For files in the classic format, the NetCDF-Library uses a private cache. It works by dividing the NetCDF-file into pages (the size depends on the system prefered IO block size or is set to 8 kiB by default), that can be paged in/out separately. This has a number of effects:
- All read/write requests are divided into a large number of requests.
- When data is written to a location, that is not currently present in the cache, this operation is converted into a read/modify/write sequence.
- When a new record is initialized with fill values and it is bigger than the amount of cache the library uses, the fill data is actually written to disk. Writing the real output data will trigger a new read/modify/write cycle.
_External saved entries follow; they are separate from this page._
lemma op_le_pure_iff:
  fixes \<Phi> :: "'x::finite \<times> 'y::finite \<Rightarrow> complex" and W :: "'j::finite \<Rightarrow> 'y \<Rightarrow> complex"
  assumes "0 < c"
  shows "op_le (\<lambda>X X'. of_real c * \<Phi> X * cnj (\<Phi> X'))
           (\<lambda>X X'. of_real l * tensor idop (\<lambda>y y'. of_real c * (\<Sum>j\<in>UNIV. W j y * cnj (W j y'))) X X')
    \<longleftrightarrow> (\<forall>v. (cmod (cinner v \<Phi>))\<^sup>2
              \<le> l * (\<Sum>x\<in>UNIV. \<Sum>j\<in>UNIV. (cmod (cinner (W j) (\<lambda>y. v (x, y))))\<^sup>2))"
proof -
  have sum_outer: "qform (\<lambda>y y'. \<Sum>j\<in>UNIV. W j y * cnj (W j y')) u
      = of_real (\<Sum>j\<in>UNIV. (cmod (cinner (W j) u))\<^sup>2)" for u
    by (simp add: qform_sum qform_outer cinner_commute[of u])
  have tensor_form: "qform (tensor idop (\<lambda>y y'. of_real c * (\<Sum>j\<in>UNIV. W j y * cnj (W j y')))) v
      = of_real (c * (\<Sum>x\<in>UNIV. \<Sum>j\<in>UNIV. (cmod (cinner (W j) (\<lambda>y. v (x, y))))\<^sup>2))"
    for v :: "'x \<times> 'y \<Rightarrow> complex"
    unfolding qform_tensor_idop qform_scale sum_outer by (simp add: sum_distrib_left)
  have "qform (\<lambda>X X'. of_real l * tensor idop (\<lambda>y y'. of_real c * (\<Sum>j\<in>UNIV. W j y * cnj (W j y'))) X X'
                   - of_real c * \<Phi> X * cnj (\<Phi> X')) v
      = of_real (c * (l * (\<Sum>x\<in>UNIV. \<Sum>j\<in>UNIV. (cmod (cinner (W j) (\<lambda>y. v (x, y))))\<^sup>2)
                     - (cmod (cinner v \<Phi>))\<^sup>2))" for v
    unfolding mult.assoc qform_diff qform_scale qform_outer tensor_form by (simp add: algebra_simps)
  then show ?thesis
    using assms by (simp add: op_le_iff_qform zero_le_mult_iff)
qed

section \<open>Conditional min-entropy of a pure state\<close>

lemma ptrace1_pure:
  fixes g :: "'j::finite \<Rightarrow> 'x::finite \<Rightarrow> complex" and V :: "'j \<Rightarrow> 'y::finite \<Rightarrow> complex"
  assumes "orthonormal_on UNIV g"
  defines "\<Phi> \<equiv> \<lambda>(x, y). \<Sum>j\<in>UNIV. g j x * V j y"
  shows "ptrace1 (\<lambda>X X'. of_real c * \<Phi> X * cnj (\<Phi> X'))
         = (\<lambda>y y'. of_real c * (\<Sum>j\<in>UNIV. V j y * cnj (V j y')))"
proof (intro ext)
  fix y y'
  have slice: "(\<lambda>x. \<Phi> (x, y)) = (\<Sum>j\<in>UNIV. cscale (V j y) (g j))" for y
    by (simp add: \<Phi>_def fun_eq_iff sum_apply mult.commute)
  have "ptrace1 (\<lambda>X X'. of_real c * \<Phi> X * cnj (\<Phi> X')) y y'
      = of_real c * cinner (\<lambda>x. \<Phi> (x, y')) (\<lambda>x. \<Phi> (x, y))"
    by (simp add: ptrace1_def cinner_def sum_distrib_left mult_ac)
  also have "\<dots> = of_real c * (\<Sum>j\<in>UNIV. cnj (V j y') * V j y)"
    unfolding slice using assms(1) by (simp add: cinner_sum_orthonormal)
  finally show "ptrace1 (\<lambda>X X'. of_real c * \<Phi> X * cnj (\<Phi> X')) y y'
      = of_real c * (\<Sum>j\<in>UNIV. V j y * cnj (V j y'))"
    by (simp add: mult.commute)
qed

lemma Sdown_inf_pure:
  fixes g :: "'j::finite \<Rightarrow> 'x::finite \<Rightarrow> complex" and V :: "'j \<Rightarrow> 'y::finite \<Rightarrow> complex"
  assumes "0 < c" "orthonormal_on UNIV g"
  defines "\<Phi> \<equiv> \<lambda>(x, y). \<Sum>j\<in>UNIV. g j x * V j y"
  shows "Sdown_inf (\<lambda>X X'. of_real c * \<Phi> X * cnj (\<Phi> X'))
         = - log 2 (real (cv.dim (cv.span (range V))))"
  unfolding Sdown_inf_def Dmax_def ptrace1_pure[OF assms(2), where V = V and c = c, folded \<Phi>_def]
    op_le_pure_iff[OF assms(1)] Inf_pure_state_bound_eq_dim[OF assms(2), where V = V, folded \<Phi>_def]
  by simp

section \<open>Choi state of the controlled unitary\<close>

definition choi_vec :: "('a \<times> 'b) qop \<Rightarrow> ('a \<times> 'a) \<times> ('b \<times> 'b) \<Rightarrow> complex" where
  "choi_vec C = (\<lambda>((ra, a), (rb, b)). C (a, b) (ra, rb))"

lemma choi_conj_channel:
  fixes C :: "('a::finite \<times> 'b::finite) qop"
  shows "choi (conj_channel C) = (\<lambda>X X'.
    of_real (1 / (real (card (UNIV :: 'a set)) * real (card (UNIV :: 'b set))))
      * choi_vec C X * cnj (choi_vec C X'))"
proof (intro ext)
  fix X X' :: "('a \<times> 'a) \<times> ('b \<times> 'b)"
  obtain ra a rb b where X: "X = ((ra, a), (rb, b))"
    by (metis prod.exhaust)
  obtain ra' a' rb' b' where X': "X' = ((ra', a'), (rb', b'))"
    by (metis prod.exhaust)
  define k :: complex
    where "k = of_real (1 / (real (card (UNIV :: 'a set)) * real (card (UNIV :: 'b set))))"
  have "(\<lambda>(a1, b1) (a2, b2). maxent (ra, a1) (ra', a2) * maxent (rb, b1) (rb', b2))
      = (\<lambda>w z. if w = (ra, rb) \<and> z = (ra', rb') then k else 0)"
    by (auto simp: fun_eq_iff maxent_def k_def)
  then have "choi (conj_channel C) X X'
     = (\<Sum>z\<in>UNIV. (\<Sum>w\<in>UNIV. C (a, b) w * (if w = (ra, rb) \<and> z = (ra', rb') then k else 0))
                   * cnj (C (a', b') z))"
    by (simp add: X X' choi_def conj_channel_def mmult_def adj_def)
  also have "\<dots> = (\<Sum>z\<in>UNIV. if z = (ra', rb') then C (a, b) (ra, rb) * k * cnj (C (a', b') z) else 0)"
    by (intro sum.cong refl) (auto simp: if_distrib cong: if_cong)
  finally show "choi (conj_channel C) X X' = k * choi_vec C X * cnj (choi_vec C X')"
    by (simp add: X X' choi_vec_def)
qed

lemma orthonormal_on_conj_tensor_basis:
  assumes "orthonormal_basis e"
  shows "orthonormal_on UNIV (\<lambda>j (ra, a). e j a * cnj (e j ra))"
  unfolding orthonormal_on_def
proof (intro ballI)
  fix i k
  have "cinner (\<lambda>(ra, a). e i a * cnj (e i ra)) (\<lambda>(ra, a). e k a * cnj (e k ra))
      = (\<Sum>a\<in>UNIV. cnj (e i a) * e k a) * cnj (\<Sum>ra\<in>UNIV. cnj (e i ra) * e k ra)"
    by (simp add: cinner_def sum_UNIV_prod sum_product mult_ac)
  then show "cinner (\<lambda>(ra, a). e i a * cnj (e i ra)) (\<lambda>(ra, a). e k a * cnj (e k ra))
      = (if i = k then 1 else 0)"
    using assms unfolding orthonormal_basis_def by (simp del: cnj_sum)
qed

theorem lemma4:
  fixes e :: "'a::finite \<Rightarrow> 'a \<Rightarrow> complex"
    and U :: "'a \<Rightarrow> ('b::finite) qop"
  assumes "orthonormal_basis e"
    and "\<forall>j. unitary_op (U j)"
  shows "Sdown_inf (choi (conj_channel (ctrl_unitary e U)))
         = - log 2 (real (vector_space.dim cscale
                            (module.span cscale (range (\<lambda>j. vecop (U j))))))"
proof -
  define g :: "'a \<Rightarrow> 'a \<times> 'a \<Rightarrow> complex" where "g j = (\<lambda>(ra, a). e j a * cnj (e j ra))" for j
  define V where "V j = vecop (U j)" for j
  define c where "c = 1 / (real (card (UNIV :: 'a set)) * real (card (UNIV :: 'b set)))"
  have "0 < c"
    by (simp add: c_def card_gt_0_iff)
  moreover have "orthonormal_on UNIV g"
    unfolding g_def using assms(1) by (rule orthonormal_on_conj_tensor_basis)
  moreover have "choi_vec (ctrl_unitary e U) = (\<lambda>(x, y). \<Sum>j\<in>UNIV. g j x * V j y)"
    by (auto simp: fun_eq_iff choi_vec_def ctrl_unitary_def g_def V_def vecop_def mult.assoc)
  ultimately show ?thesis
    using Sdown_inf_pure[of c g V] by (simp add: choi_conj_channel c_def V_def)
qed

end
- The cache doubles the caching efforts of modern operating systems which already employ the entire unused memory as a disk cache.
What we have done
After we understood the impact of the cache on large input/output operations, we decided to change the NetCDF source code to deactivate the cache completely and prepared a patch for it. This patch will be handed back to the NetCDF-developers, so we hope that there will be an official version soon which allows the user to switch off the cache.
What to do to get a cachefree NetCDF
Applying the patch:
- Get the source code of NetCDF version 4.1.3 and extract it (NetCDF download page). Unfortunately, our patch does not work with newer versions of the library since it conflicts with other changes.
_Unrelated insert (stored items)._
theorem theorem1:
  fixes n t :: nat
  assumes "t \<ge> 2" and "n \<ge> 1"
  shows "real (ex_tri_K2t n t) \<le>
           3 / 2 * real n * (1 + sqrt (2 * (real t - 1) * (real n - 1) + 1))"
proof -
  obtain E where G: "tripartite_graph n E" and free: "\<not> contains_K2t t E"
    and ex: "ex_tri_K2t n t = card E"
    using ex_tri_K2t_attained[of t n] assms(1) by auto
  define m where "m = real (card E)"
  have "1 \<le> t"
    using assms(1) by simp
  have "real ((2 * card E)^2) \<le> real (6 * n * (2 * card E + 3 * n * (n - 1) * (t - 1)))"
    using tripartite_K2t_free_card_edges[OF G free] by (simp only: of_nat_le_iff)
  then have "(2 * m)^2 \<le> 6 * real n * (2 * m + 3 * real n * (real n - 1) * (real t - 1))"
    unfolding m_def
    by (simp only: of_nat_mult of_nat_add of_nat_power of_nat_numeral of_nat_1
        of_nat_diff[OF assms(2)] of_nat_diff[OF \<open>1 \<le> t\<close>])
  then have "m^2 \<le> 2 * (3 / 2 * real n) * m + (3 / 2 * real n)^2 * (2 * (real t - 1) * (real n - 1))"
    by (simp add: power2_eq_square field_simps)
  then have "m \<le> 3 / 2 * real n * (1 + sqrt (2 * (real t - 1) * (real n - 1) + 1))"
    by (rule le_of_square_le_linear) (use assms in auto)
  then show ?thesis
    by (simp add: ex m_def)
qed

end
- Apply the patch to the NetCDF source code by running “patch -p1 < netcdf-cacheless.patch” inside the NetCDF directory.
- Run “./configure”, “make” and “make install” as usual.
Changing the caching behavior:
- The patch adds two #defines to the file include/ncio.h, commenting/uncommenting them controls the behavior of the patch.
- The first one is used to switch the cache on/off,
- the second one allows to output a trace of all reads/writes when the cache is switched off.
- Of course, each change in include/ncio.h neccessitates a recompilation/reinstallation.
Changes
2012-07-30: Eliminated a bug in the handling of incomplete reads/writes.